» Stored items

+ + +

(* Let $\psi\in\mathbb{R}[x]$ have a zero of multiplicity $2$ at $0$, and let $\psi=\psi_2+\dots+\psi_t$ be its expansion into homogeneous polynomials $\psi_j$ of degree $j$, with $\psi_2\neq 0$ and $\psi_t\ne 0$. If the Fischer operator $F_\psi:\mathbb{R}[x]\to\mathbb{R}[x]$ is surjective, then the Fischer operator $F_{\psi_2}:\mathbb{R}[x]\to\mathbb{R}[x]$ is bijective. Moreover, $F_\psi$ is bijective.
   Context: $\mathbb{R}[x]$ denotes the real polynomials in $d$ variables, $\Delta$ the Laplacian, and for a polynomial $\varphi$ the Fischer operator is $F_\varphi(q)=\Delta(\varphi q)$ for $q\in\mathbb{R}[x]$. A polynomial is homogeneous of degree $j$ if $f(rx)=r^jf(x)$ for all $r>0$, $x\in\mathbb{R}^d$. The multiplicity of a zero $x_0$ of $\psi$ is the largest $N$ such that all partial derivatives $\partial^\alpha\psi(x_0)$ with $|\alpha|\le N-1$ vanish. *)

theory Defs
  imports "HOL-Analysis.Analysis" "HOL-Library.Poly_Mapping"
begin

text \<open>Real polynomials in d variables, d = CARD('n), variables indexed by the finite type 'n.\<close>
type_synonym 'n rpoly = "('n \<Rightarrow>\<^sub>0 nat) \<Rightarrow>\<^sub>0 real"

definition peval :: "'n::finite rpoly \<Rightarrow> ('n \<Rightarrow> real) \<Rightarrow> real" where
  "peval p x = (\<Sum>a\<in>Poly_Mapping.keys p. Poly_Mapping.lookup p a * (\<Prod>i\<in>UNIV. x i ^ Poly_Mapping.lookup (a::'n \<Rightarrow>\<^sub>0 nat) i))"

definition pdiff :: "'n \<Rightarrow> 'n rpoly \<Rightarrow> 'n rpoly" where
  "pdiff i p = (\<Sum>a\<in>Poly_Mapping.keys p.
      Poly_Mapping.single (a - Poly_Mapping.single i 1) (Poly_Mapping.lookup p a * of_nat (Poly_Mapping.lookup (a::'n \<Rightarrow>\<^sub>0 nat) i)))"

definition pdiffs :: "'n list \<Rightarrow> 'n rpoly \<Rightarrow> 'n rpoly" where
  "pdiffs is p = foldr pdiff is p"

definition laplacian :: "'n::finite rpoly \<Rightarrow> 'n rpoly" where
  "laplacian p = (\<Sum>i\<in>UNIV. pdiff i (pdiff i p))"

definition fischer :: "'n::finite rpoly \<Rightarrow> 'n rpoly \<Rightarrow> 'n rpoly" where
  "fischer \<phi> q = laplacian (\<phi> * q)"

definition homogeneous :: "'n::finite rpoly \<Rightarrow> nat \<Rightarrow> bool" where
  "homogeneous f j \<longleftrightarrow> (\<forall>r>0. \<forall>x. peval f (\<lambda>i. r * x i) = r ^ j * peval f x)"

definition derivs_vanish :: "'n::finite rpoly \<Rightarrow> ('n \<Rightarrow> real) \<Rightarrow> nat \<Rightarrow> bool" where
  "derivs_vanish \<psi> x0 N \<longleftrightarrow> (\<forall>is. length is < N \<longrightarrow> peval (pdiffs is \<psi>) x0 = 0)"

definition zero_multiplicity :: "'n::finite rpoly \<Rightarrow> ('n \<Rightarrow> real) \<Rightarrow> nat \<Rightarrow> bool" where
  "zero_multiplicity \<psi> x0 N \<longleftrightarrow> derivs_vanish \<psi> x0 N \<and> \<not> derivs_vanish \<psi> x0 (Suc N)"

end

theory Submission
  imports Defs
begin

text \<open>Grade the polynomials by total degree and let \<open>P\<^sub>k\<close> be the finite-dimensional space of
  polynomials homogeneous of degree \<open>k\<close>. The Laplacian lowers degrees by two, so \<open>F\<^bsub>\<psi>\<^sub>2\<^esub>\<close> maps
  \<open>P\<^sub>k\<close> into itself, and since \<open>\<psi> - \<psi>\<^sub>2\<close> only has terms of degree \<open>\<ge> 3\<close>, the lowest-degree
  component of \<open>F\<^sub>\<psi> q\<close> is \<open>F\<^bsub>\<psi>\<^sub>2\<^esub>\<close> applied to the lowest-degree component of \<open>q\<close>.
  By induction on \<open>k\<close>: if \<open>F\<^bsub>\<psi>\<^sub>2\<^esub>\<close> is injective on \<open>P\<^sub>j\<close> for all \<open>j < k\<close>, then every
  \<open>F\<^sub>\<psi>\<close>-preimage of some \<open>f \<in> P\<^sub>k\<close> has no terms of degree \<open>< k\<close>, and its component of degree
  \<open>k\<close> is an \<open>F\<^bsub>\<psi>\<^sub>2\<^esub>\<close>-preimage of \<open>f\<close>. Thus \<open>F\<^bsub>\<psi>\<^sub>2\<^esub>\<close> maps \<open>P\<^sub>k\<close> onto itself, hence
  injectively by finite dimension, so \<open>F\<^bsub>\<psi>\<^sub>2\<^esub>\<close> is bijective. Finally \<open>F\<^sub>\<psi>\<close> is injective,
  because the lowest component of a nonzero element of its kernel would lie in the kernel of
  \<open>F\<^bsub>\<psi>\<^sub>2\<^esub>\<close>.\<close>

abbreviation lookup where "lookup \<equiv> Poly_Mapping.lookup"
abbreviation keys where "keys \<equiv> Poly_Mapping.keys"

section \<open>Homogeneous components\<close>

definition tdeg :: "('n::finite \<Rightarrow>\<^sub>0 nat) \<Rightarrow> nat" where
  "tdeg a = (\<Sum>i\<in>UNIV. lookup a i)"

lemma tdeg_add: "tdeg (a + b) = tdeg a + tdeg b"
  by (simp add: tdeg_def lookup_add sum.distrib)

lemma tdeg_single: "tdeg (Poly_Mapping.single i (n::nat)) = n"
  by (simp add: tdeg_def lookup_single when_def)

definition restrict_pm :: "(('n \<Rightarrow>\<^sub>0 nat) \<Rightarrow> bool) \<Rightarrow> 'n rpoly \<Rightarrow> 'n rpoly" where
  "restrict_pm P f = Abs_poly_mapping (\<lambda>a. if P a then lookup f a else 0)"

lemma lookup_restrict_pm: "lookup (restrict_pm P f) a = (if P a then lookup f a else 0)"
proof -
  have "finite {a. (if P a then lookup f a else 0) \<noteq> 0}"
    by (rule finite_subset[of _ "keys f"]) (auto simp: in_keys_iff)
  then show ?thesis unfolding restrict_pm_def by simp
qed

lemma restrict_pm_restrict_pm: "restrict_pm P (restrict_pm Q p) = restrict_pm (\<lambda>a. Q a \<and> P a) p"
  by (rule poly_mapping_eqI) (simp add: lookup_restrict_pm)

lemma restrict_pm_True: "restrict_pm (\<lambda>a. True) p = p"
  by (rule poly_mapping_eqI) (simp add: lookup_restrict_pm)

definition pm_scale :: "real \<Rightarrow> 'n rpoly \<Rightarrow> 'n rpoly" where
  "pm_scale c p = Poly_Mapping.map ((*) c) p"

+ + +

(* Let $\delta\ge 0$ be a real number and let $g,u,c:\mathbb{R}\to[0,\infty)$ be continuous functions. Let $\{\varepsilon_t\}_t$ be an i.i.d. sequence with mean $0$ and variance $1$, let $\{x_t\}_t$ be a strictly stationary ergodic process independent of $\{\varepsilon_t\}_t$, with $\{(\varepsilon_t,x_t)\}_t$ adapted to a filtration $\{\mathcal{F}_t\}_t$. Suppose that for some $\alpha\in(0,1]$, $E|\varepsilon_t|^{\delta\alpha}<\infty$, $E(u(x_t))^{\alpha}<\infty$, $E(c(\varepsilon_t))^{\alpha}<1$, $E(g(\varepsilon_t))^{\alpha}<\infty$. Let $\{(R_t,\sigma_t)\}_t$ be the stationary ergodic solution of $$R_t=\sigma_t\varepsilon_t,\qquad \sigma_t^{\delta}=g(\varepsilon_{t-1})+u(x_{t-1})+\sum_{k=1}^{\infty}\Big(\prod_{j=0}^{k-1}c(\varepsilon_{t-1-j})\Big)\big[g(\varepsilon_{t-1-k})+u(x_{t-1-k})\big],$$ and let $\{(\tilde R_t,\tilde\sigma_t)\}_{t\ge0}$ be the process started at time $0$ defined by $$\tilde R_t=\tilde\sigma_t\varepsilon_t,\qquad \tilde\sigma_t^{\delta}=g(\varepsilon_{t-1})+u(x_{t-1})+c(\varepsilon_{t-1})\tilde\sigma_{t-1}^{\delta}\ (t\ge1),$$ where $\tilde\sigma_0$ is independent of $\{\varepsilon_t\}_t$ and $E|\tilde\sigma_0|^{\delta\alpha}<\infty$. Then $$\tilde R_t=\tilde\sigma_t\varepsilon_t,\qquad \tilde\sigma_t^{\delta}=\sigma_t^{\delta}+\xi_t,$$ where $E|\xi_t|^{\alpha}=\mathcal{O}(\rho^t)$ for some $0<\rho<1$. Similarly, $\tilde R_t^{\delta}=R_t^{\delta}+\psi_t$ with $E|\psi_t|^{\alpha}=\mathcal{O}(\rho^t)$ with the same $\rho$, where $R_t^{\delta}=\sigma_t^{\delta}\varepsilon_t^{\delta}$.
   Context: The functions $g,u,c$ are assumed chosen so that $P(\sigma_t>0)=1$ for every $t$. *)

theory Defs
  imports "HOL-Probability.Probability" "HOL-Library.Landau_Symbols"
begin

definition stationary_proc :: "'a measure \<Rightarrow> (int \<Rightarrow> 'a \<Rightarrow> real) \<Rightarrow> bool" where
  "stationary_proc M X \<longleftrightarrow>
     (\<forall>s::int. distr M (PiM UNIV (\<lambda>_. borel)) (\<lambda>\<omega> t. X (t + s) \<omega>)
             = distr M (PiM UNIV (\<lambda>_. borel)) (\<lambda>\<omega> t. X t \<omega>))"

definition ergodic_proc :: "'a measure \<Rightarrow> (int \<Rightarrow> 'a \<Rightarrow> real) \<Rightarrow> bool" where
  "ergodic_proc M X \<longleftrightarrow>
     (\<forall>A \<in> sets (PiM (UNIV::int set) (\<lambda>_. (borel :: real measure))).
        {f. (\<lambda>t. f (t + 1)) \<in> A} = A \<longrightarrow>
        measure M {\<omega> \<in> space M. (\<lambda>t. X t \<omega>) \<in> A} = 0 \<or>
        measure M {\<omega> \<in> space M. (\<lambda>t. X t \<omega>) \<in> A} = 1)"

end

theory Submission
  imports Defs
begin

+ + +

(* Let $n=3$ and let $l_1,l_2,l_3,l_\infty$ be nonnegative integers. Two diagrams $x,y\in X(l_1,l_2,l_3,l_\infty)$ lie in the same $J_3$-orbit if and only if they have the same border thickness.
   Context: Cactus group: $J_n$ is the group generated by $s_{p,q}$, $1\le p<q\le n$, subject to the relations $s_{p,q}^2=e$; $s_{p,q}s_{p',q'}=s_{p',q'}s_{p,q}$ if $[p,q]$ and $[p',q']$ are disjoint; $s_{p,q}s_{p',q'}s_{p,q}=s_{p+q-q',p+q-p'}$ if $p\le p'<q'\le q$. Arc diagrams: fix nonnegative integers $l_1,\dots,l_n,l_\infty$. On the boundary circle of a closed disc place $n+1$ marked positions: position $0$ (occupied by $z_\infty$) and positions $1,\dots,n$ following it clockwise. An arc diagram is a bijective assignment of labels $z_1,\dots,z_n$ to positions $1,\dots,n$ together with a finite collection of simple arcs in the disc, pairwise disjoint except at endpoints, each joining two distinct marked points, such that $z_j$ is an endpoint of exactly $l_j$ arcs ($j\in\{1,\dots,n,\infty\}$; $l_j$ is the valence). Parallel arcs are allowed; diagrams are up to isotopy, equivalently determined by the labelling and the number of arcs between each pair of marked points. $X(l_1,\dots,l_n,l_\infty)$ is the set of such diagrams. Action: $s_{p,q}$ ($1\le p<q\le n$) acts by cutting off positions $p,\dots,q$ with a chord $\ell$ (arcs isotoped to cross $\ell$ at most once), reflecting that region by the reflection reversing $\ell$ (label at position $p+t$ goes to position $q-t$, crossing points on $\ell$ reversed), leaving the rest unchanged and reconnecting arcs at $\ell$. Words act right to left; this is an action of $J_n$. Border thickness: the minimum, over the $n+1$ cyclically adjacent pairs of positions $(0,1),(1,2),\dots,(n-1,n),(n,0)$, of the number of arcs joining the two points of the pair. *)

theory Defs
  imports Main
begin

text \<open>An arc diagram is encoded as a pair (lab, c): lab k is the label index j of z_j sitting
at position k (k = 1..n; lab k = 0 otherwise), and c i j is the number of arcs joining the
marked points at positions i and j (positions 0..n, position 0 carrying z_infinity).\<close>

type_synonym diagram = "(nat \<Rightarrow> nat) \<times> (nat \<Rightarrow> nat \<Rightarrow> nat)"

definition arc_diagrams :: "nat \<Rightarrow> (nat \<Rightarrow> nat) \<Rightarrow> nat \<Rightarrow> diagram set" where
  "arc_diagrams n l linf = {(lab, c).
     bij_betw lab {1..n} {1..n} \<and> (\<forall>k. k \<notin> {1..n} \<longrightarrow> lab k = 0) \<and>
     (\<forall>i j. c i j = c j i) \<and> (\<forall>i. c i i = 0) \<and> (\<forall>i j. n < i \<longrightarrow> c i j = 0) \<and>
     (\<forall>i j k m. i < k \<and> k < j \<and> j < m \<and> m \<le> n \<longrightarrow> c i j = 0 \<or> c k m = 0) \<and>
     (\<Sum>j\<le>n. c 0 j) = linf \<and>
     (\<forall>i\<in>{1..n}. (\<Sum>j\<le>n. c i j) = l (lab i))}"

+ + +

» What is required
Looking through the data above, copy out each line in which the string "omega" occurs.

» Answer space
     (\<forall>s::int. distr M (PiM UNIV (\<lambda>_. borel)) (\<lambda>\<omega> t. X (t + s) \<omega>)
             = distr M (PiM UNIV (\<lambda>_. borel)) (\<lambda>\<omega> t. X t \<omega>))"
        measure M {\<omega> \<in> space M. (\<lambda>t. X t \<omega>) \<in> A} = 0 \<or>
        measure M {\<omega> \<in> space M. (\<lambda>t. X t \<omega>) \<in> A} = 1)"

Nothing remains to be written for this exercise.